-- Work request --
Give the number of lines in the records below that hold "definition"; nothing else is needed.

Records from a data collection:
=== Begin Enclosure ===

(* Let $n\geq1$. For every $j\in\{0,1,\dots,n-1\}$, with $\xi_n=e^{2i\pi/n}$, $$\overline{O}_n(\xi_n^j)=\#\{P\in\overline{\mathcal{O}}_n:\ \mathbf{r}^j(P)=P\};$$ that is, the triple $(\overline{\mathcal{O}}_n,\langle\mathbf{r}\rangle,\overline{O}_n(q))$ exhibits the cyclic sieving phenomenon.
   Context: $\overline{\mathcal{O}}_n$ is the set of lattice paths from $(0,i)$ to $(n,i)$, for some integer $i\geq0$, with steps $D=(1,-1)$, $U=(1,1)$ and two distinguishable kinds of horizontal steps $H_1=H_2=(1,0)$, which stay weakly above the $x$-axis and touch it at least once. Equivalently, such a path is determined by its step word $w_1\cdots w_n\in\{D,H_1,H_2,U\}^n$ having as many $U$'s as $D$'s, the starting height being forced by the condition that the minimum height is $0$. The area of a path is the area of the region between the path and the $x$-axis (an integer), and $\overline{O}_n(q)=\sum_{P\in\overline{\mathcal{O}}_n}q^{\mathrm{area}(P)}$. The rotation $\mathbf{r}$ acts on $\overline{\mathcal{O}}_n$ by cyclically shifting the step word one position to the right, $w_1\cdots w_n\mapsto w_nw_1\cdots w_{n-1}$ (re-choosing the starting height so the minimum height is $0$); it generates a cyclic group of order $n$. A triple $(X,C,P)$ with $C=\langle c\rangle$ cyclic of order $n$ acting on finite $X$ and $P\in\mathbb{N}[q]$ exhibits the cyclic sieving phenomenon if $P(\xi_n^j)$ equals the number of elements of $X$ fixed by $c^j$ for every $j$. *)

theory Defs
  imports Complex_Main "HOL-Computational_Algebra.Polynomial"
begin

text \<open>Steps D = (1,-1), two kinds of horizontal steps H1, H2 = (1,0), and U = (1,1).\<close>
datatype step = D | H1 | H2 | U

fun dy :: "step \<Rightarrow> int" where
  "dy D = -1" | "dy H1 = 0" | "dy H2 = 0" | "dy U = 1"

text \<open>A path in the set Obar_n is identified with its step word: length n and as many U as D.
  The starting height is forced by requiring the minimum height to be 0.\<close>
definition Opaths :: "nat \<Rightarrow> step list set" where
  "Opaths n = {w. length w = n \<and> count_list w U = count_list w D}"

definition relh :: "step list \<Rightarrow> nat \<Rightarrow> int" where
  "relh w k = (\<Sum>i<k. dy (w ! i))"

definition height :: "step list \<Rightarrow> nat \<Rightarrow> int" where
  "height w k = relh w k - Min ((relh w) ` {0..length w})"

text \<open>Area between the path and the x-axis: each step contributes the trapezoid area
  (h_{k-1} + h_k)/2; the total is an integer since the number of non-horizontal steps is even.\<close>
definition area :: "step list \<Rightarrow> nat" where
  "area w = nat ((\<Sum>k\<in>{1..length w}. height w (k - 1) + height w k) div 2)"

definition Opoly :: "nat \<Rightarrow> complex poly" where
  "Opoly n = (\<Sum>w\<in>Opaths n. monom 1 (area w))"

definition rot :: "step list \<Rightarrow> step list" where
  "rot w = (if w = [] then [] else last w # butlast w)"

end

theory Submission
  imports Defs "HOL-Library.Real_Mod"
begin

(*
  Cyclic sieving for the paths Obar_n under rotation: Obar_n(xi_n^j) = #{P. r^j P = P}.
  Put d = gcd n j and m = n / d, so that xi_n^j is a primitive m-th root of unity.

  1. area_eq_moment: for a balanced word w, area w = - moment w - n * (minimal relative
     height), where moment w = sum_i i * dy(w_i).  Hence (Opoly_at_root) the left-hand side
     is the character sum over Obar_n of E (- moment w), with E x = xi_n^(j x), a character
     of the integers of period m with E (- c) <> 1 for 0 < c < m.
  2. Locales block_words / block_character: write each step as two bits (U = 11, H1 = 10,
     H2 = 01, D = 00), so dy = a + b - 1, and cut words of length d m into d blocks of
     length m, each carrying two bit rows.  A balanced word is bad if some row is mixed.
     Cyclically shifting the first mixed row permutes the bad words and multiplies
     E (- moment w) by E (- c), c the number of ones of that row; averaging over m shifts
     the bad words contribute 0 (bad_character_sum).  Good words are blowups of words in
     Obar_d with E (- moment w) = 1, so the character sum is #Obar_d (character_sum).
  3. card_fixed_points_rot: r^j is the rotation by j (n - 1), whose fixed words are the
     words of period gcd n (j (n - 1)) = d, again counted by #Obar_d.
*)

lemma sum_list_dy: "sum_list (map dy w) = int (count_list w U) - int (count_list w D)"
proof (induction w)
  case (Cons s w)
  then show ?case by (cases s) auto
qed simp

lemma Opaths_iff: "w \<in> Opaths n \<longleftrightarrow> length w = n \<and> (\<Sum>i<n. dy (w!i)) = 0"
proof -
  have "(\<Sum>i<length w. dy (w!i)) = sum_list (map dy w)"
    by (simp add: sum_list_sum_nth atLeast0LessThan)
  then show ?thesis unfolding Opaths_def using sum_list_dy[of w] by auto
qed

lemma finite_Opaths: "finite (Opaths n)"
proof -
  have "finite (UNIV :: step set)"
  proof -
    have "(UNIV :: step set) = {D, H1, H2, U}" using step.exhaust by auto
    then show ?thesis by (metis finite.emptyI finite_insert)
  qed
  then have "finite {w :: step list. set w \<subseteq> UNIV \<and> length w = n}"
    by (rule finite_lists_length_eq)
  then show ?thesis by (rule finite_subset[rotated]) (auto simp: Opaths_def)
qed

subsection \<open>The area modulo n\<close>

definition moment :: "step list \<Rightarrow> int" where
  "moment w = (\<Sum>i<length w. int i * dy (w!i))"

lemma sum_consecutive_pairs:
  fixes f :: "nat \<Rightarrow> int"
  shows "(\<Sum>k\<in>{1..N}. f (k - 1) + f k) = 2 * (\<Sum>k<N. f k) + f N - f 0"
  by (induction N) (auto simp: atLeastAtMostSuc_conv algebra_simps)

lemma sum_partial_sums:
  fixes f :: "nat \<Rightarrow> int"
  shows "(\<Sum>k<N. \<Sum>i<k. f i) = (\<Sum>i<N. (int N - 1 - int i) * f i)"
proof (induction N)
  case (Suc N)
  have "(\<Sum>k<Suc N. \<Sum>i<k. f i) = (\<Sum>i<N. (int N - 1 - int i) * f i) + (\<Sum>i<N. f i)"
    using Suc by simp
  also have "\<dots> = (\<Sum>i<N. (int N - int i) * f i)"
    by (simp add: sum.distrib[symmetric] algebra_simps)
  finally show ?case by simp
qed simp

lemma area_eq_moment:
  assumes "w \<in> Opaths n"
  shows "int (area w) = - moment w - int n * Min (relh w ` {0..length w})"
proof -
  define M where "M = Min (relh w ` {0..length w})"
  have len: "length w = n" and bal: "(\<Sum>i<n. dy (w!i)) = 0"
    using assms by (simp_all add: Opaths_iff)
  have closed: "height w n = height w 0"
    using bal len by (simp add: height_def relh_def)
  have nonneg: "height w k \<ge> 0" if "k \<le> n" for k
    using that len by (auto simp: height_def intro!: Min_le)
  have "(\<Sum>k\<in>{1..n}. height w (k - 1) + height w k) = 2 * (\<Sum>k<n. height w k)"
    using sum_consecutive_pairs[of "height w" n] closed by simp
  moreover have "(\<Sum>k<n. height w k) \<ge> 0" using nonneg by (auto intro: sum_nonneg)
  ultimately have "int (area w) = (\<Sum>k<n. height w k)"
    using len by (simp add: area_def)
  also have "\<dots> = (\<Sum>k<n. relh w k) - int n * M"
    by (simp add: height_def M_def sum_subtractf)
  also have "(\<Sum>k<n. relh w k) = (\<Sum>i<n. (int n - 1 - int i) * dy (w!i))"
    unfolding relh_def by (rule sum_partial_sums)
  also have "\<dots> = (int n - 1) * (\<Sum>i<n. dy (w!i)) - moment w"
    by (simp add: moment_def len algebra_simps sum_subtractf sum_distrib_left sum.distrib)
  finally show ?thesis using bal M_def by simp
qed

subsection \<open>Steps as pairs of bits\<close>

text \<open>A step is a pair of bits: U = (1,1), H1 = (1,0), H2 = (0,1), D = (0,0).
  The bit rows can be manipulated independently, and dy is affine in the bits.\<close>
fun bit :: "bool \<Rightarrow> step \<Rightarrow> bool" where
  "bit False s = (s = U \<or> s = H1)"
| "bit True s = (s = U \<or> s = H2)"

fun step_of_bits :: "bool \<Rightarrow> bool \<Rightarrow> step" where
  "step_of_bits True True = U"
| "step_of_bits True False = H1"
| "step_of_bits False True = H2"
| "step_of_bits False False = D"

lemma bit_step_of_bits [simp]:
  "bit False (step_of_bits a b) = a" "bit True (step_of_bits a b) = b"
  by (cases a; cases b; simp)+

lemma step_eq_iff_bits: "s = t \<longleftrightarrow> (\<forall>e. bit e s = bit e t)"
proof
  assume "\<forall>e. bit e s = bit e t"
  then have "bit False s = bit False t" "bit True s = bit True t" by blast+
  then show "s = t" by (cases s; cases t) auto
qed simp

lemma dy_bits: "dy s = of_bool (bit False s) + of_bool (bit True s) - 1"
  by (cases s) auto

=== End Enclosure ===

-- Final answer --
7